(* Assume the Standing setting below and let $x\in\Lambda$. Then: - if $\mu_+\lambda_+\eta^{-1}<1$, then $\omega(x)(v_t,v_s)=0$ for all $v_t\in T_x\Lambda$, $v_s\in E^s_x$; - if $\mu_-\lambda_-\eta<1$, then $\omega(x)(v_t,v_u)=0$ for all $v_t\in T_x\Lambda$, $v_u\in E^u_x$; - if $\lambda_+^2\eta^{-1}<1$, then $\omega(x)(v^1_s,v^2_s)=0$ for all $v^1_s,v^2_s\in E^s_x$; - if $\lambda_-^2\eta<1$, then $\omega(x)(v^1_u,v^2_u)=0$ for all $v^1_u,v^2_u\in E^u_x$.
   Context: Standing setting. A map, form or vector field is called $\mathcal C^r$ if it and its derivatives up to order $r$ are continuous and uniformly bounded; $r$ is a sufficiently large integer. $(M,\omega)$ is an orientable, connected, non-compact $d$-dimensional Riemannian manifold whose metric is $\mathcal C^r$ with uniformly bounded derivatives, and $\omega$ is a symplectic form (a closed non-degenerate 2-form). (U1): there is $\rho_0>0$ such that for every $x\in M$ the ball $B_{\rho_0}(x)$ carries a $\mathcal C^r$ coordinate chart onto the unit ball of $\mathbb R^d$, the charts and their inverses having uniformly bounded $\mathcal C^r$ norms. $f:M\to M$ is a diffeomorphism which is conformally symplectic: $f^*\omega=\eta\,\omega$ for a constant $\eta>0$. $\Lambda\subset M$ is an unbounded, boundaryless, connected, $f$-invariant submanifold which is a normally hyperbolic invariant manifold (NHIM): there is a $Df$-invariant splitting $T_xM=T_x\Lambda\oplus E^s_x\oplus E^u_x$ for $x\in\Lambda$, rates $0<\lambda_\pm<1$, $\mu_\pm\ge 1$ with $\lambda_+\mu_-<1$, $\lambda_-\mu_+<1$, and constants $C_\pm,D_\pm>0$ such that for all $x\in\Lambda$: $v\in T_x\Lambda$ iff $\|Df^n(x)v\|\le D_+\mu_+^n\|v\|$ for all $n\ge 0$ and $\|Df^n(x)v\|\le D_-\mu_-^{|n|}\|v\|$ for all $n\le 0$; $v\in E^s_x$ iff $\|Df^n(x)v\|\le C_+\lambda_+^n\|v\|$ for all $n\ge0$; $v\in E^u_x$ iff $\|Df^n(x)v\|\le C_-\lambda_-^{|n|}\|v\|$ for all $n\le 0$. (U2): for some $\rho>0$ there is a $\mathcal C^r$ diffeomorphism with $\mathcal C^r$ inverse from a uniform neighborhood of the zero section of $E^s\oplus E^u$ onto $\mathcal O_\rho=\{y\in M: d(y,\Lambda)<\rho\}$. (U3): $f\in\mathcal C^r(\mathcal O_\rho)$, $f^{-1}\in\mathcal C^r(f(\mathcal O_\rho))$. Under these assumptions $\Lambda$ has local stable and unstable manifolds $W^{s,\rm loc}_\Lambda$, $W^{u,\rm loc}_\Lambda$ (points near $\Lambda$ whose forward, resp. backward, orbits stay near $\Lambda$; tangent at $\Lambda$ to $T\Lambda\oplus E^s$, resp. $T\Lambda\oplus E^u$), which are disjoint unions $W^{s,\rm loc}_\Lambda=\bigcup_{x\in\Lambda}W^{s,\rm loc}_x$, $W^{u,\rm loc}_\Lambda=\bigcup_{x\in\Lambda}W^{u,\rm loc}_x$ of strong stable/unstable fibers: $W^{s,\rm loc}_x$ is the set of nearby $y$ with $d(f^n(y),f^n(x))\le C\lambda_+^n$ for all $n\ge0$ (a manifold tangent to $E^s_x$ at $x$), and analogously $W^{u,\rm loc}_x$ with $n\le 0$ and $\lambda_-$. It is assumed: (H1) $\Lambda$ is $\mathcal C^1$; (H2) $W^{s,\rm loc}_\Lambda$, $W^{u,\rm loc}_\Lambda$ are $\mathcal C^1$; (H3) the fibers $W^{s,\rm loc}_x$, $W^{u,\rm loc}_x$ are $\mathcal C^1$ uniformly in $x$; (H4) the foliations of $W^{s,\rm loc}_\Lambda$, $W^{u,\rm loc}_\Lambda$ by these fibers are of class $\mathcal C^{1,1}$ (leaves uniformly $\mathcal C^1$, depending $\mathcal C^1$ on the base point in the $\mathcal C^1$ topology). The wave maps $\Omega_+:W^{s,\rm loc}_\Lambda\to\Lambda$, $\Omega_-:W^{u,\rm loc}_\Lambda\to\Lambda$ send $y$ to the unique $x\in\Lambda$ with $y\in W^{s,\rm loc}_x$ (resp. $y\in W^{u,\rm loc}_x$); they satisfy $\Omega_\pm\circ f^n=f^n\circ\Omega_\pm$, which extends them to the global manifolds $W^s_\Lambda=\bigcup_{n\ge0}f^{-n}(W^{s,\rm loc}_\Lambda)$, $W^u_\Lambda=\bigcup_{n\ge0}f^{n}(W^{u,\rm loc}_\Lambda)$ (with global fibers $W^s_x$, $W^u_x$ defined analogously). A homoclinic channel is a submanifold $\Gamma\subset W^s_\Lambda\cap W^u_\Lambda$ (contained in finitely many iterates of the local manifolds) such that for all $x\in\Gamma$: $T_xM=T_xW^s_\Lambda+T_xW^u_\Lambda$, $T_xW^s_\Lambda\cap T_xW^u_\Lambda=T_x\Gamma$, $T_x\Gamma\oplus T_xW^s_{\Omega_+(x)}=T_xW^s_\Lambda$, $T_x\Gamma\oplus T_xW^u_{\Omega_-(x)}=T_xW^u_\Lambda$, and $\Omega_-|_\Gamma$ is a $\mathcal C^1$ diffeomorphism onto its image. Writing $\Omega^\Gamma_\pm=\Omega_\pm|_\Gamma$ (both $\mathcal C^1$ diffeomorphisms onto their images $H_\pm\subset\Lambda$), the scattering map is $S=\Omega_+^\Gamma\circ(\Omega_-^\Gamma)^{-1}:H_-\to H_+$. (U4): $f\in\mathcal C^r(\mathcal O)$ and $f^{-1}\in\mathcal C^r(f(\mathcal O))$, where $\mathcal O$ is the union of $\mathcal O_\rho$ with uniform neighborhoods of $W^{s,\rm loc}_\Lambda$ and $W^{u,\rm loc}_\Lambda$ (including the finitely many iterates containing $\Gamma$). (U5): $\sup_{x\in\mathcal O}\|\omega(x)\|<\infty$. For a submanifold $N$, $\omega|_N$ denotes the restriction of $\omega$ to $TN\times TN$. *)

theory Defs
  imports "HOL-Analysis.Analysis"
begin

——

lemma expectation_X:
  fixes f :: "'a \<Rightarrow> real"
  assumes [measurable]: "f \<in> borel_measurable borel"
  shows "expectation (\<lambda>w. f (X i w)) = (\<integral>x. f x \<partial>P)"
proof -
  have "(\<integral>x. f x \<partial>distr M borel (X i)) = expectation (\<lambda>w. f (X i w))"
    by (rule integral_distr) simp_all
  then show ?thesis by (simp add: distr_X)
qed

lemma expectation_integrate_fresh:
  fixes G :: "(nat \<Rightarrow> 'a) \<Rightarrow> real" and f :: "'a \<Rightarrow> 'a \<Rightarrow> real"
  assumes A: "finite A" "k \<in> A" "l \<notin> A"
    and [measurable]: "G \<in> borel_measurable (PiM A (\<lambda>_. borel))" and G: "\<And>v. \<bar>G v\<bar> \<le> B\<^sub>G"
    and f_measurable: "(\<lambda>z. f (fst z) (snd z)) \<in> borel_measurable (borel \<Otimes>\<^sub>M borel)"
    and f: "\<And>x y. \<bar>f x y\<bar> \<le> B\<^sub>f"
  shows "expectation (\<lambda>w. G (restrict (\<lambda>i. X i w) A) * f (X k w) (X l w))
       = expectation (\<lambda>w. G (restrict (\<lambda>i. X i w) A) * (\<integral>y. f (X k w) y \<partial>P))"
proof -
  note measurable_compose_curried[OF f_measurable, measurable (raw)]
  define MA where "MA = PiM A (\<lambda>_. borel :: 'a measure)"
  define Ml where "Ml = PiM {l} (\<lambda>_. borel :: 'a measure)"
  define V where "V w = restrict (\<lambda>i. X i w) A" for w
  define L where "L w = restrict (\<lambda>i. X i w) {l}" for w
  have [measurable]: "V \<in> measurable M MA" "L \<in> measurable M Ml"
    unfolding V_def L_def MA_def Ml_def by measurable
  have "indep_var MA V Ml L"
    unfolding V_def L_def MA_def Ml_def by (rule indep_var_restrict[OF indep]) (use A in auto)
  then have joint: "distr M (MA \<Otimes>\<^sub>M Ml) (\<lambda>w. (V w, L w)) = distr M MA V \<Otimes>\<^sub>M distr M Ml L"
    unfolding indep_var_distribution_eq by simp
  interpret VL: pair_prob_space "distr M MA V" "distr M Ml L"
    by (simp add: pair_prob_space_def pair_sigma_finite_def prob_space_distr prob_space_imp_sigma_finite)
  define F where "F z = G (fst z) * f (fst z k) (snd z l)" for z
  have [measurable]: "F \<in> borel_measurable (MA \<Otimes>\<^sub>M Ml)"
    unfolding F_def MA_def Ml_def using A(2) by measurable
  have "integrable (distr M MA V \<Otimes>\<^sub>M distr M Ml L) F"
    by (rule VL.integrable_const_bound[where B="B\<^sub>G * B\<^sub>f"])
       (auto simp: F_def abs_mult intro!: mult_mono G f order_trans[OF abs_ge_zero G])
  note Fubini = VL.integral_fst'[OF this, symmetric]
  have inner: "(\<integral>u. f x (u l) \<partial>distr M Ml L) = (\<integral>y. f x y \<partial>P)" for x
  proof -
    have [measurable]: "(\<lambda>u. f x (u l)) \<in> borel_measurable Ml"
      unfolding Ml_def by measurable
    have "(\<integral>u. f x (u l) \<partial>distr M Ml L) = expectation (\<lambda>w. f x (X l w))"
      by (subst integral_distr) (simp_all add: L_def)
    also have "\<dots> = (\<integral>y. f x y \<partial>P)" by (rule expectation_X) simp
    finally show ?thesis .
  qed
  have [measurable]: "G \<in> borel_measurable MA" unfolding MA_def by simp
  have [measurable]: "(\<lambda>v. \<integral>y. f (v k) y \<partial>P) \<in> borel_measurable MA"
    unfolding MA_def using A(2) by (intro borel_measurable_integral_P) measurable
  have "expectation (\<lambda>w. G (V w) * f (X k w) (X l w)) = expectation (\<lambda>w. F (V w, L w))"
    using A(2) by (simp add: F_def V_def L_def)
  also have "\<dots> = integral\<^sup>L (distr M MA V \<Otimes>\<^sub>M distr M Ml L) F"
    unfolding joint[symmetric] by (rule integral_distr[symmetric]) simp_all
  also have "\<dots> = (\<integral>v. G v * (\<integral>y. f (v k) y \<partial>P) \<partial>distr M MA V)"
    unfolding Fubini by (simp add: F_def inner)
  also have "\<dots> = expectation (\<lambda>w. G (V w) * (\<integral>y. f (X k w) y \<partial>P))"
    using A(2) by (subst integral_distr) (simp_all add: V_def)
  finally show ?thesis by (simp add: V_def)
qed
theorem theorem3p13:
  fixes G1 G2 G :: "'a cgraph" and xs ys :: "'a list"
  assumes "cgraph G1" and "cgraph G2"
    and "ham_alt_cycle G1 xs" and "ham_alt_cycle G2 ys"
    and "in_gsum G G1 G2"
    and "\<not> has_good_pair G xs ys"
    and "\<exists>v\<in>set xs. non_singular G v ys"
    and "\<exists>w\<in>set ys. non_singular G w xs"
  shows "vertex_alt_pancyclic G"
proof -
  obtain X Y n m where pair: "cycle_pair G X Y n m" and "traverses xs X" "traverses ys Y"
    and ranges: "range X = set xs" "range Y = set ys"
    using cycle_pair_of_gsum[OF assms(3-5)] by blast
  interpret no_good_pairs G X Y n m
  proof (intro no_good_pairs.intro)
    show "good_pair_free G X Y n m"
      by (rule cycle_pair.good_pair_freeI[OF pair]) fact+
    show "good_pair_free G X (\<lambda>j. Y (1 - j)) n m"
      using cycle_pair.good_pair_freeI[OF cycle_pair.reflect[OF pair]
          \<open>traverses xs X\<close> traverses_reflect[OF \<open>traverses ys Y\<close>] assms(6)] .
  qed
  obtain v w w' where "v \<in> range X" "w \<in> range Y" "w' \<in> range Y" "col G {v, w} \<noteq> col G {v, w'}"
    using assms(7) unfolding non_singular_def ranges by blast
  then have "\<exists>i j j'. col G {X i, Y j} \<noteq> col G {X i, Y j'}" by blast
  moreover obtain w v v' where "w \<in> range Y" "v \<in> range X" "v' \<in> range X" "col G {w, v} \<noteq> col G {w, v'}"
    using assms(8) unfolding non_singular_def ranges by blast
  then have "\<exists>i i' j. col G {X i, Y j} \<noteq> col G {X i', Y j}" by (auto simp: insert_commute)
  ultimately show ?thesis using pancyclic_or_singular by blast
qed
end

——

From the line holding "by (simp add: pair_prob_space_def" to the line holding "unfolding joint[symmetric] by", inclusive, restate each line above exactly as written.

:: Answer to this problem ::
    by (simp add: pair_prob_space_def pair_sigma_finite_def prob_space_distr prob_space_imp_sigma_finite)
  define F where "F z = G (fst z) * f (fst z k) (snd z l)" for z
  have [measurable]: "F \<in> borel_measurable (MA \<Otimes>\<^sub>M Ml)"
    unfolding F_def MA_def Ml_def using A(2) by measurable
  have "integrable (distr M MA V \<Otimes>\<^sub>M distr M Ml L) F"
    by (rule VL.integrable_const_bound[where B="B\<^sub>G * B\<^sub>f"])
       (auto simp: F_def abs_mult intro!: mult_mono G f order_trans[OF abs_ge_zero G])
  note Fubini = VL.integral_fst'[OF this, symmetric]
  have inner: "(\<integral>u. f x (u l) \<partial>distr M Ml L) = (\<integral>y. f x y \<partial>P)" for x
  proof -
    have [measurable]: "(\<lambda>u. f x (u l)) \<in> borel_measurable Ml"
      unfolding Ml_def by measurable
    have "(\<integral>u. f x (u l) \<partial>distr M Ml L) = expectation (\<lambda>w. f x (X l w))"
      by (subst integral_distr) (simp_all add: L_def)
    also have "\<dots> = (\<integral>y. f x y \<partial>P)" by (rule expectation_X) simp
    finally show ?thesis .
  qed
  have [measurable]: "G \<in> borel_measurable MA" unfolding MA_def by simp
  have [measurable]: "(\<lambda>v. \<integral>y. f (v k) y \<partial>P) \<in> borel_measurable MA"
    unfolding MA_def using A(2) by (intro borel_measurable_integral_P) measurable
  have "expectation (\<lambda>w. G (V w) * f (X k w) (X l w)) = expectation (\<lambda>w. F (V w, L w))"
    using A(2) by (simp add: F_def V_def L_def)
  also have "\<dots> = integral\<^sup>L (distr M MA V \<Otimes>\<^sub>M distr M Ml L) F"
    unfolding joint[symmetric] by (rule integral_distr[symmetric]) simp_all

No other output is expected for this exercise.